What the exercise asks = Nothing but an exact reprint of the records is to be returned.

Records to process =
lemma isometry_constant_displacement_square_zero:
  fixes A :: "real^'n::finite^'n"
  assumes B: "nondeg_sym_form B"
    and iso: "transpose (mat 1 + A) ** B ** (mat 1 + A) = B"
    and const: "\<And>x. bform B (A *v x + v) (A *v x + v) = bform B v v"
  shows "A ** A = 0" and "A *v v = 0"
proof -
  txt \<open>Constant displacement length makes the image of \<open>A\<close> totally isotropic and orthogonal
    to \<open>v\<close>; the isometry condition makes \<open>A\<close> skew, so \<open>A\<^sup>2 x\<close> and \<open>A v\<close> pair to zero with
    every vector.\<close>
  have sym: "bform B x y = bform B y x" for x y
    using B bform_sym nondeg_sym_form_def by blast
  have nondeg: "z = 0" if "\<And>y. bform B z y = 0" for z
    using B bform_nondegenerate nondeg_sym_form_def that by blast
  have expand: "bform B (A *v x) (A *v x) + 2 * bform B (A *v x) v = 0" for x
    using const[of x] by (simp add: bform.add_left bform.add_right sym[of v "A *v x"])
  have null: "bform B (A *v x) (A *v x) = 0" and perp: "bform B (A *v x) v = 0" for x
    using expand[of x] expand[of "- x"]
    by (simp_all add: matrix_vector_mult.minus_right bform.minus_left bform.minus_right)
  have totally_null: "bform B (A *v x) (A *v y) = 0" for x y
    using null[of "x + y"] null[of x] null[of y]
    by (simp add: matrix_vector_mult.add_right bform.add_left bform.add_right sym[of "A *v y" "A *v x"])
  have skew: "bform B (A *v x) y = - bform B x (A *v y)" for x y
    using bform_isometry[OF iso, of x y] totally_null[of x y]
    by (simp add: matrix_vector_mult_add_rdistrib bform.add_left bform.add_right)
  have "A *v (A *v x) = 0" for x
    by (rule nondeg) (use skew totally_null in \<open>metis neg_equal_0_iff_equal\<close>)
  then show "A ** A = 0"
    by (simp add: matrix_eq matrix_vector_mul_assoc)
  show "A *v v = 0"
    by (rule nondeg) (use skew sym perp in metis)
qed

Response =
lemma isometry_constant_displacement_square_zero:
  fixes A :: "real^'n::finite^'n"
  assumes B: "nondeg_sym_form B"
    and iso: "transpose (mat 1 + A) ** B ** (mat 1 + A) = B"
    and const: "\<And>x. bform B (A *v x + v) (A *v x + v) = bform B v v"
  shows "A ** A = 0" and "A *v v = 0"
proof -
  txt \<open>Constant displacement length makes the image of \<open>A\<close> totally isotropic and orthogonal
    to \<open>v\<close>; the isometry condition makes \<open>A\<close> skew, so \<open>A\<^sup>2 x\<close> and \<open>A v\<close> pair to zero with
    every vector.\<close>
  have sym: "bform B x y = bform B y x" for x y
    using B bform_sym nondeg_sym_form_def by blast
  have nondeg: "z = 0" if "\<And>y. bform B z y = 0" for z
    using B bform_nondegenerate nondeg_sym_form_def that by blast
  have expand: "bform B (A *v x) (A *v x) + 2 * bform B (A *v x) v = 0" for x
    using const[of x] by (simp add: bform.add_left bform.add_right sym[of v "A *v x"])
  have null: "bform B (A *v x) (A *v x) = 0" and perp: "bform B (A *v x) v = 0" for x
    using expand[of x] expand[of "- x"]
    by (simp_all add: matrix_vector_mult.minus_right bform.minus_left bform.minus_right)
  have totally_null: "bform B (A *v x) (A *v y) = 0" for x y
    using null[of "x + y"] null[of x] null[of y]
    by (simp add: matrix_vector_mult.add_right bform.add_left bform.add_right sym[of "A *v y" "A *v x"])
  have skew: "bform B (A *v x) y = - bform B x (A *v y)" for x y
    using bform_isometry[OF iso, of x y] totally_null[of x y]
    by (simp add: matrix_vector_mult_add_rdistrib bform.add_left bform.add_right)
  have "A *v (A *v x) = 0" for x
    by (rule nondeg) (use skew totally_null in \<open>metis neg_equal_0_iff_equal\<close>)
  then show "A ** A = 0"
    by (simp add: matrix_eq matrix_vector_mul_assoc)
  show "A *v v = 0"
    by (rule nondeg) (use skew sym perp in metis)
qed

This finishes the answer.